RICHARD GALLIANO : Piazzola Forever Spetet en concert

 

Dreyfus  2006

 

 

 

 

 

Ce DVD présente le concert donné par le septet de Richard Galliano au Bouffes Du Nord en juin 2005 clôturant dans ce lieu magique une tournée de trois ans consacrée à la musique de Astor Piazzola. Nous y étions ce soir là, subjugués alors par ce qui se passait sous nos yeux et transperçait nos oreilles pour nous bouleverser l’âme. Et voilà ce que nous écrivions alors « Ce soir là les ocres rouges du théâtre des Bouffes du Nord servaient de toile de fond au septet de Richard Galliano pour un hommage à la musique d’Astor Piazzola. … associant l’accordéoniste à une section de cordes et un piano. Incroyable spectacle, propice à sa théâtralisation …Un exercice de pure beauté. De magie poétique. »

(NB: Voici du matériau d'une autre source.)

(* Let $p_j>0$, $q_{j+1}>0$, $r_j\ge 0$ ($j\ge 0$) be the one-step transition probabilities of a random walk on $\mathcal{N}=\{0,1,2,\dots\}$ (up-step $p_j$, holding $r_j$, down-step $q_j$ from state $j$), with $q_0:=0$ and $p_j+q_j+r_j=1$ for all $j\ge0$. Define polynomials $Q_n$ by $Q_0(x)=1$, $p_0Q_1(x)=x-r_0$, and $xQ_n(x)=q_nQ_{n-1}(x)+r_nQ_n(x)+p_nQ_{n+1}(x)$ for $n\ge 1$. Let $\psi$ be the unique Borel probability measure on $[-1,1]$ with infinite support with respect to which the $Q_n$ are orthogonal, let $\eta:=\sup\operatorname{supp}(\psi)$, and let $\theta\ge\eta$. If the random walk is periodic (i.e. $r_j=0$ for all $j$), then $|Q_n(\theta)/Q_n(-\theta)|=1$ for all $n$. If the random walk is aperiodic (i.e. $r_j>0$ for some $j$), then $|Q_n(\theta)/Q_n(-\theta)|$ is decreasing in $n$ and tends to a limit satisfying \[0\le\lim_{n\to\infty}|Q_n(\theta)/Q_n(-\theta)|<1.\]
   Context: It is known that $\eta>0$ and that $Q_n(x)>0$ for all $n\ge0$ whenever $x\ge\eta$. *)

theory Defs
  imports "HOL-Probability.Probability"
begin

fun Qpoly :: "(nat \<Rightarrow> real) \<Rightarrow> (nat \<Rightarrow> real) \<Rightarrow> (nat \<Rightarrow> real) \<Rightarrow> nat \<Rightarrow> real \<Rightarrow> real" where
  "Qpoly p q r 0 x = 1"
| "Qpoly p q r (Suc 0) x = (x - r 0) / p 0"
| "Qpoly p q r (Suc (Suc n)) x =
     ((x - r (Suc n)) * Qpoly p q r (Suc n) x - q (Suc n) * Qpoly p q r n x) / p (Suc n)"

definition msupp :: "real measure \<Rightarrow> real set" where
  "msupp M = {x. \<forall>e>0. emeasure M (ball x e) > 0}"

end

theory Submission
  imports Defs
begin

text \<open>
  Reflecting \<open>x \<mapsto> -x\<close> turns \<open>Q\<^sub>n(-x)\<close> into \<open>(-1)\<^sup>n\<close> times the polynomial of the walk
  with holding probabilities \<open>-r\<^sub>j\<close>. For the periodic walk the two walks coincide, whence
  \<open>|Q\<^sub>n(\<theta>)/Q\<^sub>n(-\<theta>)| = 1\<close>. In general the Casoratian \<open>W\<^sub>n\<close> of the two solutions
  \<open>Q\<^sub>n(\<theta>)\<close> and \<open>(-1)\<^sup>nQ\<^sub>n(-\<theta>)\<close> of the recurrence satisfies
  \<open>p\<^sub>n W\<^sub>n = 2 r\<^sub>n Q\<^sub>n(\<theta>) (-1)\<^sup>nQ\<^sub>n(-\<theta>) + q\<^sub>n W\<^sub>(\<^sub>n\<^sub>-\<^sub>1\<^sub>)\<close>, so by induction from
  \<open>Q\<^sub>n(\<theta>) > 0\<close> the second solution stays positive and \<open>W\<^sub>n \<ge> 0\<close>; as the ratio of the
  two solutions drops by \<open>W\<^sub>n\<close> over a positive denominator, it decreases, strictly at
  every \<open>j\<close> with \<open>r\<^sub>j > 0\<close>.
\<close>

definition casoratian :: "(nat \<Rightarrow> real) \<Rightarrow> (nat \<Rightarrow> real) \<Rightarrow> nat \<Rightarrow> real" where
  "casoratian u v n = u n * v (Suc n) - u (Suc n) * v n"

lemma casoratian_div:
  assumes "v n \<noteq> 0" "v (Suc n) \<noteq> 0"
  shows "u n / v n - u (Suc n) / v (Suc n) = casoratian u v n / (v n * v (Suc n))"
  using assms unfolding casoratian_def by (simp add: field_simps)

lemma Qpoly_Suc:
  assumes "p n \<noteq> 0" "q 0 = 0"
  shows "p n * Qpoly p q r (Suc n) x = (x - r n) * Qpoly p q r n x - q n * Qpoly p q r (n - 1) x"
  using assms by (cases n) auto

lemma Qpoly_uminus:
  "Qpoly p q r n (-x) = (-1) ^ n * Qpoly p q (\<lambda>j. - r j) n x"
  by (induction p q r n x rule: Qpoly.induct) (simp_all add: field_simps)

lemma casoratian_Qpoly:
  assumes "p n \<noteq> 0" "q 0 = 0"
  shows "p n * casoratian (\<lambda>k. Qpoly p q r k x) (\<lambda>k. Qpoly p q s k x) n
           = (r n - s n) * Qpoly p q r n x * Qpoly p q s n x
             + q n * casoratian (\<lambda>k. Qpoly p q r k x) (\<lambda>k. Qpoly p q s k x) (n - 1)"
proof -
  let ?u = "\<lambda>k. Qpoly p q r k x" and ?v = "\<lambda>k. Qpoly p q s k x"
  have "p n * casoratian ?u ?v n = ?u n * (p n * ?v (Suc n)) - (p n * ?u (Suc n)) * ?v n"
    unfolding casoratian_def by (simp add: algebra_simps)
  also have "\<dots> = (r n - s n) * ?u n * ?v n + q n * (?u (n - 1) * ?v n - ?u n * ?v (n - 1))"
    unfolding Qpoly_Suc[of p n q r x, OF assms] Qpoly_Suc[of p n q s x, OF assms] by (simp add: algebra_simps)
  also have "q n * (?u (n - 1) * ?v n - ?u n * ?v (n - 1)) = q n * casoratian ?u ?v (n - 1)"
    using assms(2) unfolding casoratian_def by (cases n) auto
  finally show ?thesis .
qed

context
  fixes p q r s :: "nat \<Rightarrow> real" and x :: real
  assumes p_pos: "\<And>j. p j > 0" and q_nonneg: "\<And>j. q j \<ge> 0" and q0: "q 0 = 0"
    and s_le_r: "\<And>j. s j \<le> r j" and u_pos: "\<And>k. Qpoly p q r k x > 0"
begin

lemma Qpoly_comparison:
  "Qpoly p q s n x > 0 \<and> casoratian (\<lambda>k. Qpoly p q r k x) (\<lambda>k. Qpoly p q s k x) n \<ge> 0"
proof (induction n)
  case 0
  have "p 0 * casoratian (\<lambda>k. Qpoly p q r k x) (\<lambda>k. Qpoly p q s k x) 0 \<ge> 0"
    using casoratian_Qpoly[of p 0 q r x s] p_pos[of 0] q0 s_le_r[of 0] by simp
  then show ?case using p_pos[of 0] by (simp add: zero_le_mult_iff)
next
  case (Suc n)
  let ?u = "\<lambda>k. Qpoly p q r k x" and ?v = "\<lambda>k. Qpoly p q s k x"
  have "?u n * ?v (Suc n) \<ge> ?u (Suc n) * ?v n"
    using Suc.IH unfolding casoratian_def by simp
  moreover have "?u (Suc n) * ?v n > 0" using u_pos Suc.IH by simp
  ultimately have "?u n * ?v (Suc n) > 0" by linarith
  then have v_pos: "?v (Suc n) > 0" using u_pos[of n] by (simp add: zero_less_mult_iff)
  have "(r (Suc n) - s (Suc n)) * ?u (Suc n) * ?v (Suc n) \<ge> 0"
    using s_le_r[of "Suc n"] u_pos[of "Suc n"] v_pos by simp
  moreover have "q (Suc n) * casoratian ?u ?v n \<ge> 0" using q_nonneg Suc.IH by simp
  ultimately have "p (Suc n) * casoratian ?u ?v (Suc n) \<ge> 0"
    using casoratian_Qpoly[of p "Suc n" q r x s] p_pos[of "Suc n"] q0 by simp
  then show ?case using v_pos p_pos[of "Suc n"] by (simp add: zero_le_mult_iff)
qed

lemma Qpoly_comparison_pos: "Qpoly p q s n x > 0"
  using Qpoly_comparison by blast

lemma Qpoly_ratio_diff:
  "Qpoly p q r n x / Qpoly p q s n x - Qpoly p q r (Suc n) x / Qpoly p q s (Suc n) x
     = casoratian (\<lambda>k. Qpoly p q r k x) (\<lambda>k. Qpoly p q s k x) n
         / (Qpoly p q s n x * Qpoly p q s (Suc n) x)"
  using Qpoly_comparison_pos by (intro casoratian_div) (auto simp: less_imp_neq[symmetric])

lemma Qpoly_ratio_antimono: "antimono (\<lambda>n. Qpoly p q r n x / Qpoly p q s n x)"
proof (rule decseq_SucI)
  fix n
  have "casoratian (\<lambda>k. Qpoly p q r k x) (\<lambda>k. Qpoly p q s k x) n
          / (Qpoly p q s n x * Qpoly p q s (Suc n) x) \<ge> 0"
    using Qpoly_comparison Qpoly_comparison_pos by (intro divide_nonneg_pos mult_pos_pos) auto
  then show "Qpoly p q r (Suc n) x / Qpoly p q s (Suc n) x \<le> Qpoly p q r n x / Qpoly p q s n x"
    using Qpoly_ratio_diff[of n] by linarith
qed

lemma Qpoly_ratio_strict_decrease:
  assumes "s j < r j"
  shows "Qpoly p q r (Suc j) x / Qpoly p q s (Suc j) x < Qpoly p q r j x / Qpoly p q s j x"
proof -
  let ?u = "\<lambda>k. Qpoly p q r k x" and ?v = "\<lambda>k. Qpoly p q s k x"
  have "(r j - s j) * ?u j * ?v j > 0" using assms u_pos Qpoly_comparison_pos by simp
  moreover have "q j * casoratian ?u ?v (j - 1) \<ge> 0" using q_nonneg Qpoly_comparison by simp
  ultimately have "p j * casoratian ?u ?v j > 0"
    using casoratian_Qpoly[of p j q r x s] p_pos[of j] q0 by simp
  then have "casoratian ?u ?v j / (?v j * ?v (Suc j)) > 0"
    using p_pos[of j] Qpoly_comparison_pos by (simp add: zero_less_mult_iff)
  then show ?thesis using Qpoly_ratio_diff[of j] by simp
qed

end

lemma antimono_tendsto_below:
  fixes f :: "nat \<Rightarrow> real"
  assumes "antimono f" "\<And>n. f n \<ge> 0" "f k < c"
  shows "\<exists>L. f \<longlonglongrightarrow> L \<and> 0 \<le> L \<and> L < c"
proof -
  have bdd: "bdd_below (range f)" using assms(2) by (intro bdd_belowI[where m = 0]) auto
  have "f \<longlonglongrightarrow> (INF n. f n)"
    using LIMSEQ_decseq_INF[OF bdd] assms(1) by (simp add: antimono_def decseq_def)
  moreover have "0 \<le> (INF n. f n)" using assms(2) by (intro cINF_greatest) auto
  moreover have "(INF n. f n) \<le> f k" using bdd by (rule cINF_lower) simp
  ultimately show ?thesis using assms(3) by force
qed

theorem lemma2:
  fixes p q r :: "nat \<Rightarrow> real" and \<psi> :: "real measure" and \<theta> :: real
  assumes p_pos: "\<And>j. p j > 0"
    and q_pos: "\<And>j. q (Suc j) > 0"
    and r_nonneg: "\<And>j. r j \<ge> 0"
    and q0: "q 0 = 0"
    and stoch: "\<And>j. p j + q j + r j = 1"
    and psi_borel: "sets \<psi> = sets borel"
    and psi_prob: "prob_space \<psi>"
    and psi_interval: "emeasure \<psi> {-1..1} = 1"
    and psi_inf: "infinite (msupp \<psi>)"
    and psi_orth: "\<And>m n. m \<noteq> n \<Longrightarrow>
                     (\<integral>x. Qpoly p q r m x * Qpoly p q r n x \<partial>\<psi>) = 0"
    and eta_pos: "Sup (msupp \<psi>) > 0"
    and Q_pos: "\<And>n x. x \<ge> Sup (msupp \<psi>) \<Longrightarrow> Qpoly p q r n x > 0"
    and theta: "\<theta> \<ge> Sup (msupp \<psi>)"
  shows "((\<forall>j. r j = 0) \<longrightarrow>
            (\<forall>n. \<bar>Qpoly p q r n \<theta> / Qpoly p q r n (-\<theta>)\<bar> = 1))
       \<and> ((\<exists>j. r j > 0) \<longrightarrow>
            antimono (\<lambda>n. \<bar>Qpoly p q r n \<theta> / Qpoly p q r n (-\<theta>)\<bar>) \<and>
            (\<exists>L. (\<lambda>n. \<bar>Qpoly p q r n \<theta> / Qpoly p q r n (-\<theta>)\<bar>) \<longlonglongrightarrow> L
                 \<and> 0 \<le> L \<and> L < 1))"
proof -
  let ?u = "\<lambda>n. Qpoly p q r n \<theta>" and ?v = "\<lambda>n. Qpoly p q (\<lambda>j. - r j) n \<theta>"
  have u_pos: "\<And>n. ?u n > 0" using Q_pos theta by blast
  have q_nonneg: "\<And>j. q j \<ge> 0" using q0 q_pos by (metis less_eq_real_def not0_implies_Suc)
  have neg_r_le_r: "\<And>j. - r j \<le> r j" using r_nonneg by (simp add: order_trans[of _ 0])
  note comparison = Qpoly_comparison_pos[OF p_pos q_nonneg q0 neg_r_le_r u_pos]
  note antimono = Qpoly_ratio_antimono[OF p_pos q_nonneg q0 neg_r_le_r u_pos]
  have ratio: "(\<lambda>n. \<bar>Qpoly p q r n \<theta> / Qpoly p q r n (-\<theta>)\<bar>) = (\<lambda>n. ?u n / ?v n)"
    using u_pos comparison by (simp add: Qpoly_uminus abs_mult power_abs less_imp_le)
  show ?thesis
  proof (intro conjI impI)
    assume "\<forall>j. r j = 0"
    then have "(\<lambda>j. - r j) = r" by auto
    then have "Qpoly p q r n (-\<theta>) = (-1) ^ n * ?u n" for n
      unfolding Qpoly_uminus by simp
    then show "\<forall>n. \<bar>Qpoly p q r n \<theta> / Qpoly p q r n (-\<theta>)\<bar> = 1"
      using u_pos by (simp add: abs_mult power_abs less_imp_neq[OF u_pos, symmetric])
  next
    show "antimono (\<lambda>n. \<bar>Qpoly p q r n \<theta> / Qpoly p q r n (-\<theta>)\<bar>)" using ratio antimono by simp
  next
    assume "\<exists>j. r j > 0"
    then obtain j where "- r j < r j" by force
    then have "?u (Suc j) / ?v (Suc j) < ?u 0 / ?v 0"
      using Qpoly_ratio_strict_decrease[OF p_pos q_nonneg q0 neg_r_le_r u_pos] antimonoD[OF antimono, of 0 j]
      by (meson le0 less_le_trans)
    then show "\<exists>L. (\<lambda>n. \<bar>Qpoly p q r n \<theta> / Qpoly p q r n (-\<theta>)\<bar>) \<longlonglongrightarrow> L \<and> 0 \<le> L \<and> L < 1"
      using antimono_tendsto_below[OF antimono, of "Suc j"] u_pos comparison ratio
      by (simp add: less_imp_le)
  qed
qed

end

Franck Cassenti était là lui aussi  ce soir là pour capter avec ses caméras ces moments rares, tournoyant lentement autour des musiciens, s’attardant sur les visages ou sur des détails,  alternant avec les plans larges où la scène semble littéralement s’enflammer dans les ors et les rouges de ce beau théâtre à l’Italienne. Un théâtre qui va si bien à la musique poignante d’Astor Piazzola. Un espace d’intimité théâtrale pour une dramatisation farouche de la musique.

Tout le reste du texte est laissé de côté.